INFORMATION SHOWN below:
(* Let $\kappa$ be a regular infinite cardinal, $I$ a nonempty set, $(S,\Sigma_S)$ a $\kappa$-measurable space separating points. Let $\underline M=\langle M,\Sigma,(T_i)_{i\in I},\theta\rangle$ and $\underline N=\langle N,\Sigma^N,(T_i^N)_{i\in I},\theta^N\rangle$ be $\kappa$-type spaces on $S$ for player set $I$ and $f:M\to N$ a type morphism. Then for all $m\in M$, $D(f(m))=D(m)$, i.e., for every $\kappa$-expression $\varphi$, $f(m)\in\varphi^{\underline N}$ iff $m\in\varphi^{\underline M}$.
   Context: A $\kappa$-field on a nonempty set is a field closed under intersections of fewer than $\kappa$ members. $\Delta^\kappa(M,\Sigma)$: finitely additive probability measures on $(M,\Sigma)$ with the $\kappa$-field generated by $\{\mu:\mu(E)\ge p\}$. "Separating points": for $s\neq s'$ in $S$ some $E\in\Sigma_S$ contains $s$ but not $s'$. A $\kappa$-type space on $S$ for $I$ is $\langle M,\Sigma,(T_i)_{i\in I},\theta\rangle$ with $\Sigma$ a $\kappa$-field on nonempty $M$, each $T_i:M\to\Delta^\kappa(M,\Sigma)$ measurable with: $\{m':T_i(m')=T_i(m)\}\subseteq A\in\Sigma$ implies $T_i(m)(A)=1$; and $\theta:M\to S$ measurable. A type morphism $f:M\to N$ is measurable with $\theta(m)=\theta^N(f(m))$ and $T_i^N(f(m))(E)=T_i(m)(f^{-1}(E))$ for all $m$, $E\in\Sigma^N$, $i$. $\kappa$-expressions: least set containing each $E\in\Sigma_S$ and closed under $\neg$, $B_i^p$ ($i\in I$, $p\in[0,1]$), and conjunctions of fewer than $\kappa$ (nonempty) expressions. Semantics: $E^{\underline M}=\theta^{-1}(E)$, complement, $(B_i^p\varphi)^{\underline M}=\{m:T_i(m)(\varphi^{\underline M})\ge p\}$, intersection. $D(m)=\{\varphi:m\in\varphi^{\underline M}\}$. *)

theory Defs
  imports Complex_Main
begin

definition lt_card :: "'a set \<Rightarrow> 'k rel \<Rightarrow> bool" where
  "lt_card A \<kappa> \<longleftrightarrow> (card_of A, \<kappa>) \<in> ordLess"

definition kfield :: "'k rel \<Rightarrow> 'a set \<Rightarrow> 'a set set \<Rightarrow> bool" where
  "kfield \<kappa> X F \<longleftrightarrow> X \<noteq> {} \<and> F \<subseteq> Pow X \<and> X \<in> F
     \<and> (\<forall>A\<in>F. X - A \<in> F)
     \<and> (\<forall>A\<in>F. \<forall>B\<in>F. A \<union> B \<in> F)
     \<and> (\<forall>\<A>. \<A> \<subseteq> F \<and> \<A> \<noteq> {} \<and> lt_card \<A> \<kappa> \<longrightarrow> \<Inter>\<A> \<in> F)"

definition kfield_gen :: "'k rel \<Rightarrow> 'a set \<Rightarrow> 'a set set \<Rightarrow> 'a set set" where
  "kfield_gen \<kappa> X G = \<Inter>{F. kfield \<kappa> X F \<and> G \<subseteq> F}"

definition kmeasurable :: "'a set \<Rightarrow> 'a set set \<Rightarrow> 'b set \<Rightarrow> 'b set set \<Rightarrow> ('a \<Rightarrow> 'b) \<Rightarrow> bool" where
  "kmeasurable X FX Y FY f \<longleftrightarrow> f ` X \<subseteq> Y \<and> (\<forall>E\<in>FY. f -` E \<inter> X \<in> FX)"

(* finitely additive probability measures on (X, F); a measure is represented as a
   function on all sets which is 0 outside F (canonical representative) *)
definition fa_prob :: "'a set \<Rightarrow> 'a set set \<Rightarrow> ('a set \<Rightarrow> real) set" where
  "fa_prob X F = {\<mu>. (\<forall>A\<in>F. 0 \<le> \<mu> A) \<and> \<mu> X = 1
      \<and> (\<forall>A\<in>F. \<forall>B\<in>F. A \<inter> B = {} \<longrightarrow> \<mu> (A \<union> B) = \<mu> A + \<mu> B)
      \<and> (\<forall>A. A \<notin> F \<longrightarrow> \<mu> A = 0)}"

definition Delta_field :: "'k rel \<Rightarrow> 'a set \<Rightarrow> 'a set set \<Rightarrow> ('a set \<Rightarrow> real) set set" where
  "Delta_field \<kappa> X F = kfield_gen \<kappa> (fa_prob X F)
      {{\<mu> \<in> fa_prob X F. \<mu> E \<ge> p} | E p. E \<in> F \<and> 0 \<le> p \<and> p \<le> 1}"

definition separates_points :: "'s set \<Rightarrow> 's set set \<Rightarrow> bool" where
  "separates_points S F \<longleftrightarrow> (\<forall>s\<in>S. \<forall>s'\<in>S. s \<noteq> s' \<longrightarrow> (\<exists>E\<in>F. s \<in> E \<and> s' \<notin> E))"

definition ktype_space :: "'k rel \<Rightarrow> 's set \<Rightarrow> 's set set \<Rightarrow> 'i set \<Rightarrow>
    'm set \<Rightarrow> 'm set set \<Rightarrow> ('i \<Rightarrow> 'm \<Rightarrow> 'm set \<Rightarrow> real) \<Rightarrow> ('m \<Rightarrow> 's) \<Rightarrow> bool" where
  "ktype_space \<kappa> S SigS I M Sig T \<theta> \<longleftrightarrow>
     kfield \<kappa> M Sig
     \<and> (\<forall>i\<in>I. kmeasurable M Sig (fa_prob M Sig) (Delta_field \<kappa> M Sig) (T i))
     \<and> (\<forall>i\<in>I. \<forall>m\<in>M. \<forall>A\<in>Sig. {m'\<in>M. T i m' = T i m} \<subseteq> A \<longrightarrow> T i m A = 1)
     \<and> kmeasurable M Sig S SigS \<theta>"

definition type_morphism :: "'i set \<Rightarrow>
    'm set \<Rightarrow> 'm set set \<Rightarrow> ('i \<Rightarrow> 'm \<Rightarrow> 'm set \<Rightarrow> real) \<Rightarrow> ('m \<Rightarrow> 's) \<Rightarrow>
    'n set \<Rightarrow> 'n set set \<Rightarrow> ('i \<Rightarrow> 'n \<Rightarrow> 'n set \<Rightarrow> real) \<Rightarrow> ('n \<Rightarrow> 's) \<Rightarrow>
    ('m \<Rightarrow> 'n) \<Rightarrow> bool" where
  "type_morphism I M Sig T \<theta> N SigN TN \<theta>N f \<longleftrightarrow>
     kmeasurable M Sig N SigN f
     \<and> (\<forall>m\<in>M. \<theta> m = \<theta>N (f m))
     \<and> (\<forall>m\<in>M. \<forall>E\<in>SigN. \<forall>i\<in>I. TN i (f m) E = T i m (f -` E \<inter> M))"

(* syntax of expressions; conjunctions are indexed by subsets of the type 'x *)
datatype ('s, 'i, 'x) kexpr =
    Atom "'s set"
  | Neg "('s, 'i, 'x) kexpr"
  | Bel 'i real "('s, 'i, 'x) kexpr"
  | Conj "'x set" "'x \<Rightarrow> ('s, 'i, 'x) kexpr"

inductive kexpr_wf :: "'k rel \<Rightarrow> 's set set \<Rightarrow> 'i set \<Rightarrow> ('s, 'i, 'x) kexpr \<Rightarrow> bool"
  for \<kappa> SigS I where
  "E \<in> SigS \<Longrightarrow> kexpr_wf \<kappa> SigS I (Atom E)"
| "kexpr_wf \<kappa> SigS I \<phi> \<Longrightarrow> kexpr_wf \<kappa> SigS I (Neg \<phi>)"
| "i \<in> I \<Longrightarrow> 0 \<le> p \<Longrightarrow> p \<le> 1 \<Longrightarrow> kexpr_wf \<kappa> SigS I \<phi> \<Longrightarrow> kexpr_wf \<kappa> SigS I (Bel i p \<phi>)"
| "A \<noteq> {} \<Longrightarrow> lt_card A \<kappa> \<Longrightarrow> (\<forall>x\<in>A. kexpr_wf \<kappa> SigS I (F x)) \<Longrightarrow> kexpr_wf \<kappa> SigS I (Conj A F)"

primrec ksem :: "'m set \<Rightarrow> ('i \<Rightarrow> 'm \<Rightarrow> 'm set \<Rightarrow> real) \<Rightarrow> ('m \<Rightarrow> 's) \<Rightarrow>
    ('s, 'i, 'x) kexpr \<Rightarrow> 'm set" where
  "ksem M T \<theta> (Atom E) = \<theta> -` E \<inter> M"
| "ksem M T \<theta> (Neg \<phi>) = M - ksem M T \<theta> \<phi>"
| "ksem M T \<theta> (Bel i p \<phi>) = {m \<in> M. T i m (ksem M T \<theta> \<phi>) \<ge> p}"
| "ksem M T \<theta> (Conj A F) = M \<inter> (\<Inter>x\<in>A. ksem M T \<theta> (F x))"

definition kdesc :: "'k rel \<Rightarrow> 's set set \<Rightarrow> 'i set \<Rightarrow> 'm set \<Rightarrow>
    ('i \<Rightarrow> 'm \<Rightarrow> 'm set \<Rightarrow> real) \<Rightarrow> ('m \<Rightarrow> 's) \<Rightarrow> 'm \<Rightarrow> ('s, 'i, 'x) kexpr set" where
  "kdesc \<kappa> SigS I M T \<theta> m = {\<phi>. kexpr_wf \<kappa> SigS I \<phi> \<and> m \<in> ksem M T \<theta> \<phi>}"

end

theory Submission
  imports Defs
begin

text \<open>
  By induction on a \<open>\<kappa>\<close>-expression \<open>\<phi>\<close>, every \<open>\<phi>\<^sup>N\<close> is measurable and
  \<open>f\<^sup>-\<^sup>1(\<phi>\<^sup>N) = \<phi>\<^sup>M\<close>. Measurability is what lets the defining equation
  \<open>T\<^sub>i\<^sup>N(f m)(E) = T\<^sub>i(m)(f\<^sup>-\<^sup>1 E)\<close> of a type morphism be applied to \<open>E = \<phi>\<^sup>N\<close> in the
  belief case; conjunctions stay measurable because an image of fewer than \<open>\<kappa>\<close> sets
  has fewer than \<open>\<kappa>\<close> members.
\<close>

lemma lt_card_image: "lt_card A \<kappa> \<Longrightarrow> lt_card (g ` A) \<kappa>"
  unfolding lt_card_def using card_of_image ordLeq_ordLess_trans by blast

lemma kfield_Diff: "kfield \<kappa> X F \<Longrightarrow> A \<in> F \<Longrightarrow> X - A \<in> F"
  unfolding kfield_def by blast

lemma kfield_INT:
  assumes "kfield \<kappa> X F" and "A \<noteq> {}" and "lt_card A \<kappa>" and "\<And>x. x \<in> A \<Longrightarrow> B x \<in> F"
  shows "(\<Inter>x\<in>A. B x) \<in> F"
proof -
  have "\<forall>\<A>. \<A> \<subseteq> F \<and> \<A> \<noteq> {} \<and> lt_card \<A> \<kappa> \<longrightarrow> \<Inter>\<A> \<in> F"
    using assms(1) unfolding kfield_def by (elim conjE)
  moreover have "B ` A \<subseteq> F" and "B ` A \<noteq> {}" and "lt_card (B ` A) \<kappa>"
    using assms(2-4) lt_card_image by auto
  ultimately show ?thesis by blast
qed

lemma kfield_gen_superset: "G \<subseteq> kfield_gen \<kappa> X G"
  unfolding kfield_gen_def by blast

lemma Delta_field_atLeast:
  assumes "E \<in> F" and "0 \<le> p" and "p \<le> 1"
  shows "{\<mu> \<in> fa_prob X F. \<mu> E \<ge> p} \<in> Delta_field \<kappa> X F"
  unfolding Delta_field_def using assms by (blast intro: subsetD[OF kfield_gen_superset])

lemma ksem_subset: "ksem M T \<theta> \<phi> \<subseteq> M"
  by (induction \<phi>) auto

lemma ksem_Conj_eq_INT:
  assumes "A \<noteq> {}"
  shows "ksem M T \<theta> (Conj A F) = (\<Inter>x\<in>A. ksem M T \<theta> (F x))"
  using assms ksem_subset by fastforce

lemma ksem_in_field:
  assumes "kexpr_wf \<kappa> SigS I \<phi>" and M: "ktype_space \<kappa> S SigS I M Sig T \<theta>"
  shows "ksem M T \<theta> \<phi> \<in> Sig"
  using assms(1)
proof (induction rule: kexpr_wf.induct)
  have Sig: "kfield \<kappa> M Sig" using M unfolding ktype_space_def by blast
  {
    case (1 E)
    then show ?case using M unfolding ktype_space_def kmeasurable_def by simp
  next
    case (2 \<phi>)
    then show ?case using Sig by (simp add: kfield_Diff)
  next
    case (3 i p \<phi>)
    let ?G = "{\<mu> \<in> fa_prob M Sig. \<mu> (ksem M T \<theta> \<phi>) \<ge> p}"
    have T_i: "kmeasurable M Sig (fa_prob M Sig) (Delta_field \<kappa> M Sig) (T i)"
      using M 3 unfolding ktype_space_def by blast
    have "?G \<in> Delta_field \<kappa> M Sig"
      using 3 by (intro Delta_field_atLeast) auto
    then have "T i -` ?G \<inter> M \<in> Sig"
      using T_i unfolding kmeasurable_def by blast
    moreover have "ksem M T \<theta> (Bel i p \<phi>) = T i -` ?G \<inter> M"
      using T_i unfolding kmeasurable_def by auto
    ultimately show ?case by simp
  next
    case (4 A F)
    then show ?case
      unfolding ksem_Conj_eq_INT[OF \<open>A \<noteq> {}\<close>] using Sig by (intro kfield_INT) auto
  }
qed

lemma vimage_ksem_type_morphism:
  assumes "kexpr_wf \<kappa> SigS I \<phi>"
    and N: "ktype_space \<kappa> S SigS I N SigN TN \<theta>N"
    and f: "type_morphism I M Sig T \<theta> N SigN TN \<theta>N f"
  shows "f -` ksem N TN \<theta>N \<phi> \<inter> M = ksem M T \<theta> \<phi>"
  using assms(1)
proof (induction rule: kexpr_wf.induct)
  have f_into: "f ` M \<subseteq> N" and f_\<theta>: "\<forall>m\<in>M. \<theta> m = \<theta>N (f m)"
    and f_T: "\<forall>m\<in>M. \<forall>E\<in>SigN. \<forall>i\<in>I. TN i (f m) E = T i m (f -` E \<inter> M)"
    using f unfolding type_morphism_def kmeasurable_def by auto
  {
    case (1 E)
    then show ?case using f_into f_\<theta> by auto
  next
    case (2 \<phi>)
    have "f -` (N - ksem N TN \<theta>N \<phi>) \<inter> M = M - (f -` ksem N TN \<theta>N \<phi> \<inter> M)"
      using f_into by auto
    then show ?case using 2 by simp
  next
    case (3 i p \<phi>)
    have "ksem N TN \<theta>N \<phi> \<in> SigN"
      using ksem_in_field[OF 3(4) N] .
    then have "TN i (f m) (ksem N TN \<theta>N \<phi>) = T i m (ksem M T \<theta> \<phi>)" if "m \<in> M" for m
      using f_T that 3 by simp
    then show ?case using f_into by auto
  next
    case (4 A F)
    have "f -` (\<Inter>x\<in>A. ksem N TN \<theta>N (F x)) \<inter> M = (\<Inter>x\<in>A. f -` ksem N TN \<theta>N (F x) \<inter> M)"
      using \<open>A \<noteq> {}\<close> by auto
    also have "\<dots> = (\<Inter>x\<in>A. ksem M T \<theta> (F x))"
      using 4 by simp
    finally show ?case
      by (simp only: ksem_Conj_eq_INT[OF \<open>A \<noteq> {}\<close>])
  }
qed

theorem proposition2:
  fixes \<kappa> :: "'k rel" and S :: "'s set" and SigS :: "'s set set" and I :: "'i set"
    and M :: "'m set" and Sig :: "'m set set" and T :: "'i \<Rightarrow> 'm \<Rightarrow> 'm set \<Rightarrow> real"
    and \<theta> :: "'m \<Rightarrow> 's"
    and N :: "'n set" and SigN :: "'n set set" and TN :: "'i \<Rightarrow> 'n \<Rightarrow> 'n set \<Rightarrow> real"
    and \<theta>N :: "'n \<Rightarrow> 's" and f :: "'m \<Rightarrow> 'n"
  assumes "Card_order \<kappa>" and "infinite (Field \<kappa>)" and "regularCard \<kappa>"
    and "I \<noteq> {}"
    and "kfield \<kappa> S SigS" and "separates_points S SigS"
    and "ktype_space \<kappa> S SigS I M Sig T \<theta>"
    and "ktype_space \<kappa> S SigS I N SigN TN \<theta>N"
    and "type_morphism I M Sig T \<theta> N SigN TN \<theta>N f"
  shows "\<forall>m\<in>M. (kdesc \<kappa> SigS I N TN \<theta>N (f m) :: ('s, 'i, 'x) kexpr set)
                 = kdesc \<kappa> SigS I M T \<theta> m"
proof (intro ballI set_eqI)
  fix m and \<phi> :: "('s, 'i, 'x) kexpr"
  assume "m \<in> M"
  then have "f m \<in> ksem N TN \<theta>N \<phi> \<longleftrightarrow> m \<in> f -` ksem N TN \<theta>N \<phi> \<inter> M"
    by simp
  then have "kexpr_wf \<kappa> SigS I \<phi> \<Longrightarrow> f m \<in> ksem N TN \<theta>N \<phi> \<longleftrightarrow> m \<in> ksem M T \<theta> \<phi>"
    by (simp add: vimage_ksem_type_morphism[OF _ assms(8,9)])
  then show "\<phi> \<in> kdesc \<kappa> SigS I N TN \<theta>N (f m) \<longleftrightarrow> \<phi> \<in> kdesc \<kappa> SigS I M T \<theta> m"
    unfolding kdesc_def by auto
qed

end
End of INFORMATION SHOWN.
REQUIRED WORK
Find the lines of the listing above that hold "members". Please copy them.

SOLUTION
   Context: A $\kappa$-field on a nonempty set is a field closed under intersections of fewer than $\kappa$ members. $\Delta^\kappa(M,\Sigma)$: finitely additive probability measures on $(M,\Sigma)$ with the $\kappa$-field generated by $\{\mu:\mu(E)\ge p\}$. "Separating points": for $s\neq s'$ in $S$ some $E\in\Sigma_S$ contains $s$ but not $s'$. A $\kappa$-type space on $S$ for $I$ is $\langle M,\Sigma,(T_i)_{i\in I},\theta\rangle$ with $\Sigma$ a $\kappa$-field on nonempty $M$, each $T_i:M\to\Delta^\kappa(M,\Sigma)$ measurable with: $\{m':T_i(m')=T_i(m)\}\subseteq A\in\Sigma$ implies $T_i(m)(A)=1$; and $\theta:M\to S$ measurable. A type morphism $f:M\to N$ is measurable with $\theta(m)=\theta^N(f(m))$ and $T_i^N(f(m))(E)=T_i(m)(f^{-1}(E))$ for all $m$, $E\in\Sigma^N$, $i$. $\kappa$-expressions: least set containing each $E\in\Sigma_S$ and closed under $\neg$, $B_i^p$ ($i\in I$, $p\in[0,1]$), and conjunctions of fewer than $\kappa$ (nonempty) expressions. Semantics: $E^{\underline M}=\theta^{-1}(E)$, complement, $(B_i^p\varphi)^{\underline M}=\{m:T_i(m)(\varphi^{\underline M})\ge p\}$, intersection. $D(m)=\{\varphi:m\in\varphi^{\underline M}\}$. *)
  has fewer than \<open>\<kappa>\<close> members.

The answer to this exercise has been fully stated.